# Greenplum Demo - Part 1

## 1. System Setup
- Start with gpstate. Use jupyter, dbeaver or pgadmin for queries.
- Check *gp_autostats_mode* is set to **NONE**. This will avoid analyze time in loading and is required for one of the steps when running explain.

In [1]:
import os, re
from IPython.display import display_html

import pygments.lexers
from pygments import highlight
from pygments.formatters import HtmlFormatter

CONNECTION_STRING = os.getenv('GPDBCONN')

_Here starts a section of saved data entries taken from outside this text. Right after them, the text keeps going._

lemma cocycle_add:
  assumes "bij T"
  shows "cocycle T f (n + m) x = cocycle T f n (zpow T m x) + cocycle T f m x"
proof (induction n rule: int_induct[where k = 0])
  case base
  then show ?case by (simp add: cocycle_def)
next
  case (step1 i)
  then show ?case
    using cocycle_add_one[OF assms, of f "i + m" x] cocycle_add_one[OF assms, of f i "zpow T m x"]
      zpow_add[OF assms, of i m x]
    by (simp add: algebra_simps add.assoc)
next
  case (step2 i)
  have "cocycle T f (i - 1 + m) x = - f (zpow T (i - 1 + m) x) + cocycle T f (i + m) x"
    using cocycle_add_one[OF assms, of f "i - 1 + m" x] by (simp add: add.assoc[symmetric])
  moreover have "cocycle T f (i - 1) (zpow T m x)
      = - f (zpow T (i - 1) (zpow T m x)) + cocycle T f i (zpow T m x)"
    using cocycle_add_one[OF assms, of f "i - 1" "zpow T m x"] by (simp add: add.assoc[symmetric])
  ultimately show ?case using step2 zpow_add[OF assms, of "i - 1" m x] by (simp add: add.assoc)
qed

lemma continuous_on_funpow:
  fixes g :: "'a::topological_space \<Rightarrow> 'a"
  assumes "continuous_on UNIV g"
  shows "continuous_on UNIV (g ^^ k)"
proof (induction k)
  case 0
  have "g ^^ 0 = (\<lambda>x. x)" by auto
  then show ?case by (simp add: continuous_on_id)
next
  case (Suc k)
  have "g ^^ Suc k = (\<lambda>x. g ((g ^^ k) x))" by auto
  with Suc show ?case using continuous_on_compose2[OF assms] by simp
qed

lemma continuous_on_zpow: "homeo T \<Longrightarrow> continuous_on UNIV (zpow T k)"
  unfolding homeo_def zpow_def by (auto intro: continuous_on_funpow)

lemma continuous_on_cocycle_nat:
  fixes f :: "'a::topological_space \<Rightarrow> 'g::topological_group_add"
  assumes "continuous_on UNIV f" "continuous_on UNIV T"
  shows "continuous_on UNIV (cocycle_nat T f k)"
proof (induction k)
  case 0
  then show ?case by (simp add: continuous_on_const)
next
  case (Suc k)
  have "continuous_on UNIV (\<lambda>x. f ((T ^^ k) x))"
    using continuous_on_compose2[OF assms(1) continuous_on_funpow[OF assms(2)]] by simp
  with Suc show ?case by (simp add: continuous_on_add)
qed

lemma continuous_on_cocycle:
  fixes f :: "'a::topological_space \<Rightarrow> 'g::topological_group_add"
  assumes "homeo T" "continuous_on UNIV f"
  shows "continuous_on UNIV (cocycle T f k)"
proof -
  have nat: "continuous_on UNIV (cocycle_nat T f j)" for j
    using continuous_on_cocycle_nat assms by (auto simp: homeo_def)
  have "continuous_on UNIV (\<lambda>x. - cocycle_nat T f (nat (- k)) (zpow T k x))"
    using continuous_on_compose2[OF nat continuous_on_zpow[OF assms(1)]]
    by (auto intro: continuous_on_minus)
  with nat show ?thesis unfolding cocycle_def by (cases "0 \<le> k") auto
qed

lemma mem_ess_range_iff:
  fixes f :: "'a::topological_space \<Rightarrow> 'g::topological_group_add"
  shows "g \<in> ess_range T f x \<longleftrightarrow> (\<forall>U W. open U \<longrightarrow> x \<in> U \<longrightarrow> open W \<longrightarrow> g \<in> W \<longrightarrow>
           (\<exists>n y. y \<in> U \<and> zpow T n y \<in> U \<and> cocycle T f n y \<in> W))"
proof -
  have translate: "(\<exists>v. c = v + g \<and> v \<in> V) \<longleftrightarrow> c - g \<in> V" for c and V :: "'g set"
  proof
    assume "c - g \<in> V"
    then show "\<exists>v. c = v + g \<and> v \<in> V" by (intro exI[of _ "c - g"]) simp
  qed auto
  have "g \<in> ess_range T f x \<longleftrightarrow> (\<forall>U V. open U \<longrightarrow> x \<in> U \<longrightarrow> open V \<longrightarrow> 0 \<in> V \<longrightarrow>
           (\<exists>n y. y \<in> U \<and> zpow T n y \<in> U \<and> cocycle T f n y - g \<in> V))"
    by (simp only: ess_range_def mem_Collect_eq translate)
  also have "\<dots> \<longleftrightarrow> (\<forall>U W. open U \<longrightarrow> x \<in> U \<longrightarrow> open W \<longrightarrow> g \<in> W \<longrightarrow>
           (\<exists>n y. y \<in> U \<and> zpow T n y \<in> U \<and> cocycle T f n y \<in> W))"
  proof (intro iffI allI impI)
    fix U :: "'a set" and W :: "'g set"
    assume "\<forall>U V. open U \<longrightarrow> x \<in> U \<longrightarrow> open V \<longrightarrow> 0 \<in> V \<longrightarrow>
           (\<exists>n y. y \<in> U \<and> zpow T n y \<in> U \<and> cocycle T f n y - g \<in> V)"
      and "open U" "x \<in> U" "open W" "g \<in> W"
    moreover have "open ((\<lambda>w. w + g) -` W)" by (intro open_vimage \<open>open W\<close> continuous_intros)
    moreover have "0 \<in> (\<lambda>w. w + g) -` W" using \<open>g \<in> W\<close> by simp
    ultimately obtain n y where "y \<in> U" "zpow T n y \<in> U" "cocycle T f n y - g \<in> (\<lambda>w. w + g) -` W"
      by blast
    then show "\<exists>n y. y \<in> U \<and> zpow T n y \<in> U \<and> cocycle T f n y \<in> W" by auto
  next
    fix U :: "'a set" and V :: "'g set"
    assume "\<forall>U W. open U \<longrightarrow> x \<in> U \<longrightarrow> open W \<longrightarrow> g \<in> W \<longrightarrow>
           (\<exists>n y. y \<in> U \<and> zpow T n y \<in> U \<and> cocycle T f n y \<in> W)"
      and "open U" "x \<in> U" "open V" "0 \<in> V"
    moreover have "open ((\<lambda>w. w - g) -` V)" by (intro open_vimage \<open>open V\<close> continuous_intros)
    moreover have "g \<in> (\<lambda>w. w - g) -` V" using \<open>0 \<in> V\<close> by simp
    ultimately obtain n y where "y \<in> U" "zpow T n y \<in> U" "cocycle T f n y \<in> (\<lambda>w. w - g) -` V"
      by blast
    then show "\<exists>n y. y \<in> U \<and> zpow T n y \<in> U \<and> cocycle T f n y - g \<in> V" by auto
  qed
  finally show ?thesis .
qed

cs = re.match('^postgresql:\/\/(\S+):(\S+)@(\S+):(\S+)\/(\S+)$', CONNECTION_STRING)

DB_USER   = cs.group(1)
DB_PWD    = cs.group(2)
DB_SERVER = cs.group(3)
DB_PORT   = cs.group(4)
DB_NAME   = cs.group(5)

%reload_ext sql
%sql $CONNECTION_STRING

u'Connected: gpadmin@gpadmin'

In [2]:
%%sql $DB_USER@$DB_SERVER
SHOW gp_autostats_mode;
SET gp_autostats_mode = 'NONE';
SELECT version();

1 rows affected.
Done.
1 rows affected.


version
"PostgreSQL 8.3.23 (Greenplum Database 5.21.0 build commit:27db6bab4c909daa8d6699d94cabc48f87b07fab) on x86_64-pc-linux-gnu, compiled by GCC gcc (GCC) 6.2.0, 64-bit compiled on Jul 12 2019 23:39:01"


## 2. The Amazon Customer Reviews Dataset

Over 130+ million customer reviews are available to researchers as part of this release. The data is available in TSV files in the amazon-reviews-pds S3 bucket in AWS US East Region. Each line in the data files corresponds to an individual review (tab delimited, with no quote and escape characters). Samples of the data are available in English and French; more details on the information in each column can be found [here](https://s3.amazonaws.com/amazon-reviews-pds/tsv/index.txt).

If you use the AWS Command Line Interface, you can list data in the bucket with the `ls` command: 

```aws s3 ls s3://amazon-reviews-pds/tsv/```

To download data using the AWS Command Line Interface, you can use the `cp` command. For instance, the following command will copy the file named `amazon_reviews_us_Camera_v1_00.tsv.gz` to your local directory:

```aws s3 cp s3://amazon-reviews-pds/tsv/amazon_reviews_us_Camera_v1_00.tsv.gz```

For our demo, we choose to download three files under the `/home/gpadmin/data/` folder, using the `aws s3 cp <S3 File> <Local File>` command described above:
- [`s3://amazon-reviews-pds/tsv/amazon_reviews_us_Home_Entertainment_v1_00.tsv.gz`](s3://amazon-reviews-pds/tsv/amazon_reviews_us_Home_Entertainment_v1_00.tsv.gz) (~185MB)
- [`s3://amazon-reviews-pds/tsv/amazon_reviews_us_Mobile_Electronics_v1_00.tsv.gz`](s3://amazon-reviews-pds/tsv/amazon_reviews_us_Mobile_Electronics_v1_00.tsv.gz) (~22MB)
- [`s3://amazon-reviews-pds/tsv/amazon_reviews_us_Office_Products_v1_00.tsv.gz`](s3://amazon-reviews-pds/tsv/amazon_reviews_us_Office_Products_v1_00.tsv.gz) (~489MB)

## 3. Data Loading

### 3.1. Create the Schema (optional) and the Database Table to hold the dataset, as shown below:

In [3]:
sqlfilecode = !pygmentize -f html -O full,style=friendly -l postgres script/2-1-create-db-schema-table.sql

display_html('\n'.join(sqlfilecode), raw=True)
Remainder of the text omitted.